On mind, language, trajectory, and car-wrecks

When I was a kid I used to play a game where I would walk in a straight line until I hit something - be it a wall or an obstacle of another kind - and then I would turn around at whatever angle it seemed the laws of physics would most support, as if in fact I were an object without any movement of my own but only able to be moved by the force of my impact with other objects. I would do this again and again, like a billiard ball, until I tired of the game. It would be interesting to look at language or the mind in a way that considers every concept about the world as a single trajectory, perhaps represented by a symbol, that acts very much in the same way -- that moves in a straight line, influenced by nothing, until it encounters something which changes its course (perhaps another belief about the world). Perhaps every element of language or every belief about the world has a set trajectory until it encounters another moving about on IT'S set trajectory, and then certain laws determine the way in which these two trajectories change when they hit one-another. It would be entirely formulaic, and although it would look like chaos from a distance, it would be entirely algorithmic. This seems to some extent to be how the mind works, leaving out the propensity for error that seems to (arguably) make the mind something other than algorithmic. It has - if you will forgive the oversimplification - a framework that functions in cruise control until more facts are given to it.
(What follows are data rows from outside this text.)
(* Let $\mathcal{A}\subseteq\mathbb{R}^3$ be measurable with finite positive measure, $k_0,\eta,\sigma^2>0$, and for $k\in\{1,2\}$ let $\mathsf{G}_k\in L^2(\mathcal{A})$ with $\mathsf{g}_k=\int_{\mathcal{A}}|\mathsf{G}_k|^2>0$, $\mathsf{H}_k=\frac{\mathrm{j}k_0\eta}{\sqrt{4\pi}}\mathsf{G}_k$, $A_{\mathsf{u},k}>0$, $\mathsf{J}_{\mathsf{ul},k}\in\mathbb{C}$, $\overline{\gamma}_{\mathsf{ul},k}=\frac{A_{\mathsf{u},k}^2|\mathsf{J}_{\mathsf{ul},k}|^2k_0^2\eta^2}{4\pi\sigma^2}$, and $\rho=\frac{\int_{\mathcal{A}}\mathsf{G}_1^*\mathsf{G}_2}{\sqrt{\mathsf{g}_1\mathsf{g}_2}}$. Consider SIC decoding with order $1\rightarrow2$ of the uplink observation $\mathsf{Y}(\mathbf{r})=\sum_{k=1}^2\mathsf{H}_k(\mathbf{r})\mathsf{J}_{\mathsf{ul},k}A_{\mathsf{u},k}s_{\mathsf{ul},k}+\mathsf{N}_{\mathsf{ul}}(\mathbf{r})$: user 1 is decoded first by whitening the interference-plus-noise $\mathsf{H}_2\mathsf{J}_{\mathsf{ul},2}A_{\mathsf{u},2}s_{\mathsf{ul},2}+\mathsf{N}_{\mathsf{ul}}$ with the kernel $\delta(\mathbf{r}'-\mathbf{r})+\mu_2\mathsf{G}_2(\mathbf{r}')\mathsf{G}_2^*(\mathbf{r})$, $\mu_2=-\frac{1}{\mathsf{g}_2}\pm\frac{1}{\mathsf{g}_2\sqrt{1+\overline{\gamma}_{\mathsf{ul},2}\mathsf{g}_2}}$, followed by MRC matched to the whitened channel $\overline{\mathsf{H}}_1(\mathbf{r}')=\mathsf{H}_1(\mathbf{r}')+\mu_2\mathsf{G}_2(\mathbf{r}')\int_{\mathcal{A}}\mathsf{G}_2^*\mathsf{H}_1$, giving SNR $\gamma_{\mathsf{ul},1}=\frac{A_{\mathsf{u},1}^2|\mathsf{J}_{\mathsf{ul},1}|^2}{\sigma^2}\int_{\mathcal{A}}|\overline{\mathsf{H}}_1|^2$; then user 2 is decoded after cancelling user 1's signal, with MRC detector $\mathsf{H}_2/\sqrt{\int_{\mathcal{A}}|\mathsf{H}_2|^2}$, giving SNR $\gamma_{\mathsf{ul},2}=\frac{A_{\mathsf{u},2}^2|\mathsf{J}_{\mathsf{ul},2}|^2}{\sigma^2}\int_{\mathcal{A}}|\mathsf{H}_2|^2$. Let $\mathsf{R}_{\mathsf{ul},k}^{1\rightarrow2}=\log_2(1+\gamma_{\mathsf{ul},k})$. Then $$\mathsf{R}_{\mathsf{ul},1}^{1\rightarrow2}=\log_2\!\left(1+\overline{\gamma}_{\mathsf{ul},1}\mathsf{g}_1\left(1-\frac{\overline{\gamma}_{\mathsf{ul},2}\mathsf{g}_2|\rho|^2}{1+\overline{\gamma}_{\mathsf{ul},2}\mathsf{g}_2}\right)\right),\qquad \mathsf{R}_{\mathsf{ul},2}^{1\rightarrow2}=\log_2(1+\overline{\gamma}_{\mathsf{ul},2}\mathsf{g}_2),$$ and $$\mathsf{C}_{\mathsf{ul}}^{1\rightarrow2}=\mathsf{R}_{\mathsf{ul},1}^{1\rightarrow2}+\mathsf{R}_{\mathsf{ul},2}^{1\rightarrow2}=\log_2\!\Big(1+\overline{\gamma}_{\mathsf{ul},1}\overline{\gamma}_{\mathsf{ul},2}\mathsf{g}_1\mathsf{g}_2(1-|\rho|^2)+\sum_{k=1}^2\overline{\gamma}_{\mathsf{ul},k}\mathsf{g}_k\Big).$$
   Context: $\delta$ is the Dirac delta; $\mathsf{N}_{\mathsf{ul}}$ is zero-mean complex Gaussian white noise with $\mathbb{E}\{\mathsf{N}_{\mathsf{ul}}(\mathbf{r})\mathsf{N}_{\mathsf{ul}}^*(\mathbf{r}')\}=\sigma^2\delta(\mathbf{r}-\mathbf{r}')$, uncorrelated with the unit-power symbols $s_{\mathsf{ul},k}$. In the paper $\mathsf{G}_k(\mathbf{r})=\frac{e^{-\mathrm{j}k_0\|\mathbf{r}-\mathbf{s}_k\|}}{\sqrt{4\pi}\|\mathbf{r}-\mathbf{s}_k\|}\sqrt{\frac{|\mathbf{e}^{\mathsf{T}}(\mathbf{s}_k-\mathbf{r})|}{\|\mathbf{r}-\mathbf{s}_k\|}}$ (line-of-sight model, user locations $\mathbf{s}_k\notin\overline{\mathcal{A}}$, aperture normal $\mathbf{e}$). *)

theory Defs
  imports "HOL-Analysis.Analysis"
begin

type_synonym pt = "real ^ 3"

definition energy :: "pt set \<Rightarrow> (pt \<Rightarrow> complex) \<Rightarrow> real" where
  "energy A F = (LINT r:A|lebesgue. (cmod (F r))\<^sup>2)"

definition inner_A :: "pt set \<Rightarrow> (pt \<Rightarrow> complex) \<Rightarrow> (pt \<Rightarrow> complex) \<Rightarrow> complex" where
  "inner_A A F1 F2 = (LINT r:A|lebesgue. cnj (F1 r) * F2 r)"

definition L2_on :: "pt set \<Rightarrow> (pt \<Rightarrow> complex) \<Rightarrow> bool" where
  "L2_on A F \<longleftrightarrow> set_borel_measurable lebesgue A F \<and>
                  set_integrable lebesgue A (\<lambda>r. (cmod (F r))\<^sup>2)"

definition chan :: "real \<Rightarrow> real \<Rightarrow> (pt \<Rightarrow> complex) \<Rightarrow> pt \<Rightarrow> complex" where
  "chan k0 eta G r = \<i> * complex_of_real (k0 * eta / sqrt (4 * pi)) * G r"

definition gammabar :: "real \<Rightarrow> real \<Rightarrow> real \<Rightarrow> real \<Rightarrow> complex \<Rightarrow> real" where
  "gammabar k0 eta sigma2 Au J = Au\<^sup>2 * (cmod J)\<^sup>2 * k0\<^sup>2 * eta\<^sup>2 / (4 * pi * sigma2)"

definition corr :: "pt set \<Rightarrow> (pt \<Rightarrow> complex) \<Rightarrow> (pt \<Rightarrow> complex) \<Rightarrow> complex" where
  "corr A G1 G2 = inner_A A G1 G2 / complex_of_real (sqrt (energy A G1 * energy A G2))"

definition whitened :: "pt set \<Rightarrow> real \<Rightarrow> (pt \<Rightarrow> complex) \<Rightarrow> (pt \<Rightarrow> complex) \<Rightarrow> pt \<Rightarrow> complex" where
  "whitened A mu2 G2 H1 r = H1 r + complex_of_real mu2 * G2 r * inner_A A G2 H1"

definition rate :: "real \<Rightarrow> real" where
  "rate gamma = log 2 (1 + gamma)"

end

theory Submission
  imports Defs
begin

text \<open>Whitening turns the channel H1 of user 1 into H1 + mu2 (G2, H1) G2, whose energy is
  g1 + mu2 (2 + mu2 g2) |(G2, G1)|^2 up to the factor k0^2 eta^2 / (4 pi). Both admissible
  values of mu2 satisfy (1 + mu2 g2)^2 = 1 / (1 + gb2 g2), so the coefficient mu2 (2 + mu2 g2)
  equals -gb2 / (1 + gb2 g2), and |(G2, G1)|^2 = |rho|^2 g1 g2 gives the rate of user 1.
  User 2 sees no interference, and the sum rate is the logarithm of (1 + snr1) (1 + snr2).\<close>

lemma L2_on_set_integrable_cnj_mult:
  assumes "L2_on A F" "L2_on A G"
  shows "set_integrable lebesgue A (\<lambda>r. cnj (F r) * G r)"
proof (rule set_integrable_bound[where f="\<lambda>r. (cmod (F r))\<^sup>2 + (cmod (G r))\<^sup>2"])
  show "set_integrable lebesgue A (\<lambda>r. (cmod (F r))\<^sup>2 + (cmod (G r))\<^sup>2)"
    using assms unfolding L2_on_def by (intro set_integral_add) auto
  have "(\<lambda>r. indicator A r *\<^sub>R (cnj (F r) * G r))
      = (\<lambda>r. cnj (indicator A r *\<^sub>R F r) * (indicator A r *\<^sub>R G r))"
    by (auto simp: indicator_def)
  moreover have "(\<lambda>r. cnj (indicator A r *\<^sub>R F r)) \<in> borel_measurable lebesgue"
    using assms(1) unfolding L2_on_def set_borel_measurable_def
    by (intro borel_measurable_continuous_on[where f=cnj]) (auto intro: continuous_intros)
  ultimately show "set_borel_measurable lebesgue A (\<lambda>r. cnj (F r) * G r)"
    using assms(2) unfolding L2_on_def set_borel_measurable_def
    by (simp only:) (intro borel_measurable_times; simp)
  have "cmod (cnj (F r) * G r) \<le> (cmod (F r))\<^sup>2 + (cmod (G r))\<^sup>2" for r
    unfolding norm_mult complex_mod_cnj
    using sum_squares_bound[of "cmod (F r)" "cmod (G r)"]
      mult_nonneg_nonneg[OF norm_ge_zero norm_ge_zero, of "F r" "G r"]
    by linarith
  then show "AE r in lebesgue. r \<in> A \<longrightarrow>
      cmod (cnj (F r) * G r) \<le> norm ((cmod (F r))\<^sup>2 + (cmod (G r))\<^sup>2)"
    by auto
qed

lemma inner_A_commute: "inner_A A G F = cnj (inner_A A F G)"
  unfolding inner_A_def set_lebesgue_integral_def
  by (simp add: Bochner_Integration.integral_cnj[symmetric] mult.commute)

lemma energy_conv_inner_A: "complex_of_real (energy A F) = inner_A A F F"
proof -
  have "(\<lambda>r. complex_of_real ((cmod (F r))\<^sup>2)) = (\<lambda>r. cnj (F r) * F r)"
    by (simp add: complex_norm_square mult.commute del: of_real_power)
  then show ?thesis
    unfolding energy_def inner_A_def set_integral_complex_of_real[symmetric] by simp
qed

lemma energy_nonneg: "energy A F \<ge> 0"
  unfolding energy_def set_lebesgue_integral_def by (intro integral_nonneg_AE) auto

lemma energy_cmult: "energy A (\<lambda>r. z * F r) = (cmod z)\<^sup>2 * energy A F"
  unfolding energy_def by (simp add: norm_mult power_mult_distrib)

lemma energy_add_cmult:
  assumes "L2_on A F" "L2_on A G"
  shows "energy A (\<lambda>r. F r + b * G r)
       = energy A F + 2 * Re (b * inner_A A F G) + (cmod b)\<^sup>2 * energy A G"
proof -
  have expand: "cnj (F r + b * G r) * (F r + b * G r)
      = cnj (F r) * F r + b * (cnj (F r) * G r) + cnj b * (cnj (G r) * F r)
        + b * cnj b * (cnj (G r) * G r)" for r
    by (simp add: algebra_simps)
  have integrable: "set_integrable lebesgue A (\<lambda>r. cnj (P r) * Q r)"
    if "P \<in> {F, G}" "Q \<in> {F, G}" for P Q
    using that assms L2_on_set_integrable_cnj_mult by auto
  have "complex_of_real (energy A (\<lambda>r. F r + b * G r))
      = inner_A A F F + (b * inner_A A F G + cnj (b * inner_A A F G)) + b * cnj b * inner_A A G G"
    unfolding energy_conv_inner_A inner_A_def expand
    using integrable inner_A_commute[of A G F, unfolded inner_A_def]
    by (simp add: set_integral_add set_integral_mult_right)
  also have "\<dots> = complex_of_real (energy A F) + complex_of_real (2 * Re (b * inner_A A F G))
      + complex_of_real ((cmod b)\<^sup>2) * complex_of_real (energy A G)"
    by (simp only: complex_add_cnj complex_norm_square energy_conv_inner_A)
  also have "\<dots> = complex_of_real
      (energy A F + 2 * Re (b * inner_A A F G) + (cmod b)\<^sup>2 * energy A G)"
    by simp
  finally show ?thesis
    using of_real_eq_iff by blast
qed

lemma energy_whitened:
  assumes "L2_on A F" "L2_on A G"
  shows "energy A (whitened A mu G F)
       = energy A F + mu * (2 + mu * energy A G) * (cmod (inner_A A G F))\<^sup>2"
proof -
  define a where "a = inner_A A G F"
  have whitened_eq: "whitened A mu G F = (\<lambda>r. F r + (complex_of_real mu * a) * G r)"
    unfolding whitened_def a_def by (simp add: algebra_simps)
  have Re_eq: "Re (complex_of_real mu * a * inner_A A F G) = mu * (cmod a)\<^sup>2"
  proof -
    have "complex_of_real mu * a * inner_A A F G = complex_of_real (mu * (cmod a)\<^sup>2)"
      unfolding a_def inner_A_commute[of A F G]
      by (simp only: mult.assoc complex_norm_square of_real_mult)
    then show ?thesis
      by (metis Re_complex_of_real)
  qed
  have "energy A (whitened A mu G F) = energy A F
      + 2 * Re (complex_of_real mu * a * inner_A A F G) + (cmod (complex_of_real mu * a))\<^sup>2 * energy A G"
    unfolding whitened_eq by (rule energy_add_cmult[OF assms])
  also have "\<dots> = energy A F + mu * (2 + mu * energy A G) * (cmod a)\<^sup>2"
    unfolding Re_eq by (simp add: norm_mult power_mult_distrib algebra_simps power2_eq_square)
  finally show ?thesis
    unfolding a_def .
qed

lemma whitened_cmult:
  "whitened A mu G (\<lambda>r. z * F r) = (\<lambda>r. z * whitened A mu G F r)"
  unfolding whitened_def inner_A_def by (simp add: algebra_simps)

lemma chan_eq_cmult:
  "chan k0 eta F = (\<lambda>r. (\<i> * complex_of_real (k0 * eta / sqrt (4 * pi))) * F r)"
  unfolding chan_def by (simp add: mult.assoc)

lemma cmod_chan_factor_squared:
  "(cmod (\<i> * complex_of_real (k0 * eta / sqrt (4 * pi))))\<^sup>2 = k0\<^sup>2 * eta\<^sup>2 / (4 * pi)"
  by (simp add: norm_mult norm_divide power_divide power_mult_distrib
      del: of_real_mult of_real_divide)

lemma snr_chan_eq_gammabar:
  "Au\<^sup>2 * (cmod J)\<^sup>2 / sigma2 * (k0\<^sup>2 * eta\<^sup>2 / (4 * pi) * E) = gammabar k0 eta sigma2 Au J * E"
  unfolding gammabar_def by (simp add: field_simps)

lemma gammabar_nonneg: "sigma2 > 0 \<Longrightarrow> gammabar k0 eta sigma2 Au J \<ge> 0"
  unfolding gammabar_def by simp

lemma whitening_coefficient:
  fixes g gb mu :: real
  assumes "g > 0" "gb \<ge> 0"
    and "mu = - 1 / g + 1 / (g * sqrt (1 + gb * g)) \<or> mu = - 1 / g - 1 / (g * sqrt (1 + gb * g))"
  shows "mu * (2 + mu * g) = - gb / (1 + gb * g)"
proof -
  have pos: "1 + gb * g > 0"
    using assms(1,2) by (simp add: add_pos_nonneg)
  have "mu * g + 1 = 1 / sqrt (1 + gb * g) \<or> mu * g + 1 = - 1 / sqrt (1 + gb * g)"
    using assms(1,3) by (auto simp: field_simps)
  then have "(mu * g + 1)\<^sup>2 = 1 / (1 + gb * g)"
    using pos by (auto simp: power_divide)
  then have "mu * (2 + mu * g) = (1 / (1 + gb * g) - 1) / g"
    using assms(1) by (simp add: field_simps power2_eq_square)
  also have "1 / (1 + gb * g) - 1 = - gb * g / (1 + gb * g)"
    using pos by (simp add: field_simps)
  finally show ?thesis
    using assms(1) by simp
qed

lemma cmod_corr_squared:
  assumes "energy A G1 > 0" "energy A G2 > 0"
  shows "(cmod (corr A G1 G2))\<^sup>2 = (cmod (inner_A A G2 G1))\<^sup>2 / (energy A G1 * energy A G2)"
  using assms
  by (simp add: corr_def inner_A_commute[of A G2] norm_divide power_divide)

lemma rate_add:
  assumes "x \<ge> 0" "y \<ge> 0"
  shows "rate x + rate y = log 2 ((1 + x) * (1 + y))"
  unfolding rate_def using assms by (simp add: log_mult_pos add_pos_nonneg)

theorem corollary1:
  fixes A :: "pt set" and k0 eta sigma2 mu2 :: real
    and G :: "nat \<Rightarrow> pt \<Rightarrow> complex" and Au :: "nat \<Rightarrow> real" and J :: "nat \<Rightarrow> complex"
  assumes A_meas: "A \<in> sets lebesgue"
    and A_fin: "emeasure lebesgue A < \<infinity>" and A_pos: "emeasure lebesgue A > 0"
    and k0: "k0 > 0" and eta: "eta > 0" and sigma2: "sigma2 > 0"
    and G_L2: "\<And>k. k \<in> {1,2} \<Longrightarrow> L2_on A (G k)"
    and g_pos: "\<And>k. k \<in> {1,2} \<Longrightarrow> energy A (G k) > 0"
    and Au_pos: "\<And>k. k \<in> {1,2} \<Longrightarrow> Au k > 0"
    and mu2: "mu2 = - 1 / energy A (G 2)
                    + 1 / (energy A (G 2) * sqrt (1 + gammabar k0 eta sigma2 (Au 2) (J 2) * energy A (G 2)))
           \<or> mu2 = - 1 / energy A (G 2)
                    - 1 / (energy A (G 2) * sqrt (1 + gammabar k0 eta sigma2 (Au 2) (J 2) * energy A (G 2)))"
  defines "gb \<equiv> \<lambda>k. gammabar k0 eta sigma2 (Au k) (J k)"
    and "g \<equiv> \<lambda>k. energy A (G k)"
    and "rho \<equiv> corr A (G 1) (G 2)"
    and "snr1 \<equiv> (Au 1)\<^sup>2 * (cmod (J 1))\<^sup>2 / sigma2 * energy A (whitened A mu2 (G 2) (chan k0 eta (G 1)))"
    and "snr2 \<equiv> (Au 2)\<^sup>2 * (cmod (J 2))\<^sup>2 / sigma2 * energy A (chan k0 eta (G 2))"
  shows "rate snr1 = log 2 (1 + gb 1 * g 1 * (1 - gb 2 * g 2 * (cmod rho)\<^sup>2 / (1 + gb 2 * g 2)))
       \<and> rate snr2 = log 2 (1 + gb 2 * g 2)
       \<and> rate snr1 + rate snr2
           = log 2 (1 + gb 1 * gb 2 * g 1 * g 2 * (1 - (cmod rho)\<^sup>2) + (\<Sum>k\<in>{1,2}. gb k * g k))"
proof -
  have L2_1: "L2_on A (G 1)" and L2_2: "L2_on A (G 2)"
    using G_L2 by auto
  have g1: "g 1 > 0" and g2: "g 2 > 0"
    using g_pos unfolding g_def by auto
  have gb_nonneg: "gb k \<ge> 0" for k
    unfolding gb_def using gammabar_nonneg[OF sigma2] .
  have denom_pos: "1 + gb 2 * g 2 > 0"
    using gb_nonneg[of 2] g2 by (simp add: add_pos_nonneg)
  have inner: "(cmod (inner_A A (G 2) (G 1)))\<^sup>2 = (cmod rho)\<^sup>2 * g 1 * g 2"
    using cmod_corr_squared[of A "G 1" "G 2"] g1 g2 unfolding rho_def g_def by simp
  have coeff: "mu2 * (2 + mu2 * g 2) = - gb 2 / (1 + gb 2 * g 2)"
    using whitening_coefficient[OF g2 gb_nonneg] mu2 unfolding g_def gb_def by blast
  have "snr1 = gb 1 * energy A (whitened A mu2 (G 2) (G 1))"
    unfolding snr1_def chan_eq_cmult whitened_cmult energy_cmult cmod_chan_factor_squared
      snr_chan_eq_gammabar gb_def ..
  also have "\<dots> = gb 1 * (g 1 - gb 2 / (1 + gb 2 * g 2) * (cmod rho)\<^sup>2 * g 1 * g 2)"
    using coeff inner unfolding energy_whitened[OF L2_1 L2_2] g_def by simp
  finally have snr1: "snr1 = gb 1 * g 1 * (1 - gb 2 * g 2 * (cmod rho)\<^sup>2 / (1 + gb 2 * g 2))"
    by (simp add: field_simps)
  have snr2: "snr2 = gb 2 * g 2"
    unfolding snr2_def chan_eq_cmult energy_cmult cmod_chan_factor_squared snr_chan_eq_gammabar
      gb_def g_def ..
  have "snr1 \<ge> 0"
    unfolding snr1_def using sigma2 energy_nonneg by simp
  then have "rate snr1 + rate snr2 = log 2 ((1 + snr1) * (1 + snr2))"
    using rate_add gb_nonneg g2 unfolding snr2 by simp
  also have "(1 + snr1) * (1 + snr2)
      = 1 + gb 1 * gb 2 * g 1 * g 2 * (1 - (cmod rho)\<^sup>2) + (\<Sum>k\<in>{1,2}. gb k * g k)"
    unfolding snr1 snr2 using denom_pos by (simp add: field_simps)
  finally show ?thesis
    unfolding rate_def snr1 snr2 by simp
qed

end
And yet there seems to be a lot that goes on within the brain that happens not just because of the facts available to it, but in spite of them (the most obvious example of this being mistakes themselves - yet it seems that even mistakes function in a somewhat predicable manner, or at least it could be said that frequently the way we go about trying to rectify our errors is predictable, and so what we ultimately glean from those mistakes is predictable once we are aware of what the mistake is). The element of randomness seems mostly illusory, and phenomena within the brain seem inclined to function in cruise-control until they encounter other vehicles, if you will, that also are set to cruise-control. Two cars running in cruise-control still obey the laws of physics when they hit one-another, despite the fact that the resulting crash or pile-up is not as orderly as the mode of operation of each vehicle prior to the crash.